Foreign media reports that Zcash recently patched a major vulnerability in Orchard privacy pools, but the market sell-off has not eased. The reason is not whether the vulnerability has been patched, but rather that the network cannot prove that this flaw has never been exploited in the past four years, thus casting doubt on the credibility of the supply.
This commentary argues that this incident exposes not just a single software problem, but a long-standing challenge for privacy coins: the more difficult it is for transactions to be audited externally, the harder it is to independently verify the integrity of the supply. For networks that rely on privacy protection, this ambiguity itself will be reflected in the price.
The vulnerability could lead to the forgery of ZEC.
The problem lies with Orchard, the core privacy pool in Zcash's shielded transaction system, used to hide addresses and transaction amounts. According to Shielded Labs, this circuit flaw could theoretically allow attackers to generate additional ZECs undetected, with no upper limit on the number.
Security researcher Taylor Hornby discovered the issue on May 29, 2026. The report mentions that he used AI-assisted tools during a targeted audit of Orchard circuitry and verified its feasibility in a local testing environment. The development team then quickly moved forward with a fix.
- Vulnerability discovered on: May 29, 2026
- Emergency hard fork completion date: June 1, 2026
- Affected module: Orchard privacy pool circuit
The market still plummeted after the repairs were completed.
Within days of the disclosure, the developers shut down the at-risk component and redeployed the patched circuitry via an emergency hard fork. By typical security incident handling standards, the response was not slow, and no funds were found to have been stolen, nor were there any clear signs of inflation detected.

However, the commentary points out that the market's real concern is "what happened in the past," not "whether it has been fixed in the future." Since Orchard has been operational since May 2022, this means the vulnerability has been lurking in the network for approximately four years. Zcash can confirm that the patch has been applied, but it cannot cryptographically prove that no one has exploited this flaw during those four years.
The report noted that ZEC briefly rose above $600 on the week the vulnerability was discovered, but fell back by about 45% to around $314 after the disclosure, resulting in a market capitalization loss of over $3 billion.
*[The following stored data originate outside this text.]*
lemma negligible_nondifferentiable_no_local_min_interval:
  fixes \<phi> :: "real \<Rightarrow> real"
  assumes cont: "continuous_on {p..q} \<phi>"
    and no_min: "\<And>y. y \<in> {p<..<q} \<Longrightarrow> \<not> (\<forall>\<^sub>F z in at y. \<phi> y \<le> \<phi> z)"
  shows "negligible {x \<in> {p<..<q}. \<not> \<phi> differentiable (at x)}"
proof (cases "p \<le> q")
  case False
  then show ?thesis by simp
next
  case True
  obtain m where m: "m \<in> {p..q}" "\<forall>x\<in>{p..q}. \<phi> x \<le> \<phi> m"
    using continuous_attains_sup[OF compact_Icc _ cont] True by auto
  have min_le: "min (\<phi> x) (\<phi> y) \<le> \<phi> t" if "p \<le> x" "t \<in> {x..y}" "y \<le> q" for x y t
    using that by (intro min_endpoints_le_if_no_local_min continuous_on_subset[OF cont] no_min) auto
  have "mono_on {p..m} \<phi>"
  proof (rule mono_onI)
    fix x y assume "x \<in> {p..m}" "y \<in> {p..m}" "x \<le> y"
    then show "\<phi> x \<le> \<phi> y"
      using min_le[of x y m] m by auto
  qed
  moreover have "mono_on {m..q} (\<lambda>x. - \<phi> x)"
  proof (rule mono_onI)
    fix x y assume "x \<in> {m..q}" "y \<in> {m..q}" "x \<le> y"
    then show "- \<phi> x \<le> - \<phi> y"
      using min_le[of m x y] m by auto
  qed
  moreover have "continuous_on {p..m} \<phi>" "continuous_on {m..q} (\<lambda>x. - \<phi> x)"
    using m(1) by (auto intro!: continuous_on_minus intro: continuous_on_subset[OF cont])
  ultimately have N: "negligible ({x \<in> {p<..<m}. \<not> \<phi> differentiable (at x)} \<union>
      {x \<in> {m<..<q}. \<not> (\<lambda>x. - \<phi> x) differentiable (at x)} \<union> {m})"
    by (intro negligible_Un negligible_nondifferentiable_mono_on negligible_sing)
  have diff_minus: "\<phi> differentiable (at x)" if "(\<lambda>x. - \<phi> x) differentiable (at x)" for x
    using differentiable_minus[OF that] by simp
  show ?thesis
    by (rule negligible_subset[OF N]) (auto simp: not_less_iff_gr_or_eq dest: diff_minus)
qed

lemma negligible_nondifferentiable_no_local_min:
  fixes \<phi> :: "real \<Rightarrow> real"
  assumes "open S" "continuous_on S \<phi>"
    and no_min: "\<And>y. y \<in> S \<Longrightarrow> \<not> (\<forall>\<^sub>F z in at y. \<phi> y \<le> \<phi> z)"
  shows "negligible {x \<in> S. \<not> \<phi> differentiable (at x)}"
proof (subst locally_negligible_alt, intro ballI)
  let ?N = "{x \<in> S. \<not> \<phi> differentiable (at x)}"
  fix x assume "x \<in> ?N"
  then obtain e where "e > 0" "ball x e \<subseteq> S"
    using assms(1) openE by blast
  then have sub: "{x - e/2..x + e/2} \<subseteq> S"
    by (auto simp: subset_eq dist_real_def)
  have "negligible {y \<in> {x - e/2<..<x + e/2}. \<not> \<phi> differentiable (at y)}"
    using sub by (intro negligible_nondifferentiable_no_local_min_interval no_min
        continuous_on_subset[OF assms(2)]) auto
  then show "\<exists>U. openin (top_of_set ?N) U \<and> x \<in> U \<and> negligible U"
    using \<open>x \<in> ?N\<close> \<open>e > 0\<close>
    by (intro exI[of _ "?N \<inter> {x - e/2<..<x + e/2}"]) (auto elim: negligible_subset)
qed

lemma zero_in_visc_subdiff_if_local_min:
  fixes \<phi> :: "real \<Rightarrow> real"
  assumes "y \<in> {a<..<b}" "\<forall>\<^sub>F z in at y. \<phi> y \<le> \<phi> z"
  shows "0 \<in> visc_subdiff a b \<phi> y"
proof -
  obtain V where V: "open V" "y \<in> V" "\<forall>z\<in>V. z \<noteq> y \<longrightarrow> \<phi> y \<le> \<phi> z"
    using assms(2) by (auto simp: eventually_at_topological)
  have "C1_on (V \<inter> {a<..<b}) (\<lambda>_. \<phi> y)"
    unfolding C1_on_def by (intro exI[of _ "\<lambda>_. 0"]) auto
  then show ?thesis
    unfolding visc_subdiff_def using V assms(1)
    by (intro CollectI exI[of _ "V \<inter> {a<..<b}"] exI[of _ "\<lambda>_. \<phi> y"]) auto
qed

lemma no_local_min_outside_closure_zero_visc_subdiff:
  fixes \<phi> :: "real \<Rightarrow> real"
  assumes y: "y \<in> {a<..<b} - closure {y. 0 \<in> visc_subdiff a b \<phi> y}"
  shows "\<not> (\<forall>\<^sub>F z in at y. \<phi> y \<le> \<phi> z)"
proof
  assume "\<forall>\<^sub>F z in at y. \<phi> y \<le> \<phi> z"
  moreover have "y \<in> {a<..<b}"
    using y by blast
  ultimately have "y \<in> {y. 0 \<in> visc_subdiff a b \<phi> y}"
    by (simp add: zero_in_visc_subdiff_if_local_min)
  then have "y \<in> closure {y. 0 \<in> visc_subdiff a b \<phi> y}"
    by (rule closure_subset[THEN subsetD])
  with y show False
    by blast
qed

lemma zero_in_lim_subdiff_if_in_closure:
  assumes x: "x \<in> closure {y. 0 \<in> visc_subdiff a b \<phi> y}"
  shows "(\<exists>xs. (\<forall>k. xs k \<in> {a<..<b} \<and> 0 \<in> visc_subdiff a b \<phi> (xs k)) \<and> xs \<longlonglongrightarrow> x)
    \<and> 0 \<in> lim_subdiff a b \<phi> x"
proof -
  obtain xs where xs_Z: "\<forall>k. 0 \<in> visc_subdiff a b \<phi> (xs k)" and lim: "xs \<longlonglongrightarrow> x"
    using closure_sequential[THEN iffD1, OF x] by auto
  have "visc_subdiff a b \<phi> y = {}" if "y \<notin> {a<..<b}" for y
    using that unfolding visc_subdiff_def by blast
  then have xs: "\<forall>k. xs k \<in> {a<..<b} \<and> 0 \<in> visc_subdiff a b \<phi> (xs k)"
    using xs_Z by (metis empty_iff)
  moreover have "0 \<in> lim_subdiff a b \<phi> x"
    unfolding lim_subdiff_def using xs lim by (intro CollectI exI[of _ xs] exI[of _ "\<lambda>_. 0"]) simp
  ultimately show ?thesis
    using lim by blast
qed
lemma models_conn_if_connected_uprod:
  assumes u: "ultrafilter_on I U" and np: "nonprincipal I U" and bm: "below_first_measurable I"
    and ne: "\<forall>i\<in>I. X i \<noteq> {}"
    and conn: "connected_str (uprod_univ I U X) (uprod_rel I U X r)"
  shows "\<exists>n. {i\<in>I. models_conn n (X i) (r i)} \<in> U"
proof (rule ccontr)
  assume none: "\<not> ?thesis"
  define B where "B n = {i\<in>I. \<not> models_conn n (X i) (r i)}" for n
  have B: "B n \<in> U" for n
  proof -
    have "I - {i\<in>I. models_conn n (X i) (r i)} \<in> U"
      using none by (intro ultrafilter_on_Diff[OF u]) auto
    moreover have "I - {i\<in>I. models_conn n (X i) (r i)} = B n" unfolding B_def by blast
    ultimately show ?thesis by simp
  qed
  obtain C :: "nat \<Rightarrow> _" where C: "range C \<subseteq> U" "\<Inter>(range C) \<notin> U"
    by (rule countably_incomplete_below_first_measurable[OF u np bm])
  obtain \<kappa> where \<kappa>: "\<And>m. {i\<in>I. i \<in> B (\<kappa> i) \<and> m \<le> \<kappa> i} \<in> U"
    using countably_incomplete_unbounded[of I U C B, OF u C B] by metis
  have "\<forall>i\<in>I. \<exists>p. fst p \<in> X i \<and> snd p \<in> X i
      \<and> (i \<in> B (\<kappa> i) \<longrightarrow> \<not> path_of_length (X i) (r i) (Suc (\<kappa> i)) (fst p) (snd p))"
  proof
    fix i assume "i \<in> I"
    show "\<exists>p. fst p \<in> X i \<and> snd p \<in> X i
      \<and> (i \<in> B (\<kappa> i) \<longrightarrow> \<not> path_of_length (X i) (r i) (Suc (\<kappa> i)) (fst p) (snd p))"
    proof (cases "i \<in> B (\<kappa> i)")
      case True
      then obtain x y where "x \<in> X i" "y \<in> X i" "\<not> path_of_length (X i) (r i) (Suc (\<kappa> i)) x y"
        unfolding B_def models_conn_def by blast
      thus ?thesis by (intro exI[of _ "(x, y)"]) simp
    next
      case False
      obtain x where "x \<in> X i" using ne \<open>i \<in> I\<close> by blast
      thus ?thesis using False by (intro exI[of _ "(x, x)"]) simp
    qed
  qed
  from bchoice[OF this] obtain p where p: "\<forall>i\<in>I. fst (p i) \<in> X i \<and> snd (p i) \<in> X i
      \<and> (i \<in> B (\<kappa> i) \<longrightarrow> \<not> path_of_length (X i) (r i) (Suc (\<kappa> i)) (fst (p i)) (snd (p i)))"
    by blast
  define f g where "f i = fst (p i)" and "g i = snd (p i)" for i
  have f: "f \<in> Pi I X" and g: "g \<in> Pi I X" unfolding f_def g_def using p by auto
  obtain m where "path_of_length (uprod_univ I U X) (uprod_rel I U X r) (Suc m) (uclass I U X f) (uclass I U X g)"
    using conn uclass_in_uprod_univ[OF f] uclass_in_uprod_univ[OF g] unfolding connected_str_def by blast
  from path_of_length_uclassD[OF u f g this]
  have "{i\<in>I. path_of_length (X i) (r i) (Suc m) (f i) (g i)}
      \<inter> {i\<in>I. i \<in> B (\<kappa> i) \<and> Suc m \<le> \<kappa> i} \<in> U"
    using \<kappa> by (rule ultrafilter_on_Int[OF u])
  then obtain i where i: "i \<in> I" "path_of_length (X i) (r i) (Suc m) (f i) (g i)"
    "i \<in> B (\<kappa> i)" "Suc m \<le> \<kappa> i"
    using ultrafilter_on_ex_mem[OF u] by blast
  have "path_of_length (X i) (r i) (Suc (\<kappa> i)) (f i) (g i)"
    using path_of_length_mono[OF i(2)] i(4) by simp
  thus False using p i(1,3) unfolding f_def g_def by blast
qed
The article also stated that BitMEX co-founder Arthur Hayes sold all his ZEC holdings after the news broke, further amplifying the market's sensitivity to supply issues.
The conflict between privacy and auditability is amplified once again.
The article argues that the reason this incident has caused such a lasting impact is because Zcash's privacy design itself limits external auditing capabilities. With transparent blockchains like Bitcoin, outsiders can directly verify the public ledger to check for anomalies in the total supply; however, in a shielded transaction pool, addresses and amounts are hidden, making it difficult for outsiders to draw the same direct conclusions.
This is also a trade-off that privacy coins have long faced: stronger privacy protection often means weaker independent auditing capabilities. The article states that this is not a problem that can be completely solved with a single patch, but rather a reality that privacy-oriented networks must confront in their design.
Shielded Labs is currently pushing for formal verification of Orchard circuits and proposing solutions for subsequent network upgrades, including the introduction of new shielded pools and the use of "turnstile" accounting to track the flow of funds out of existing Orchard pools, with the goal of improving supply verifiability while preserving privacy features.
If this solution is implemented, it could provide a reference model for privacy coins to handle supply auditing issues. However, before that, the market still needs to digest a more direct fact: the fact that the vulnerability has been fixed does not mean that historical risks have been completely eliminated.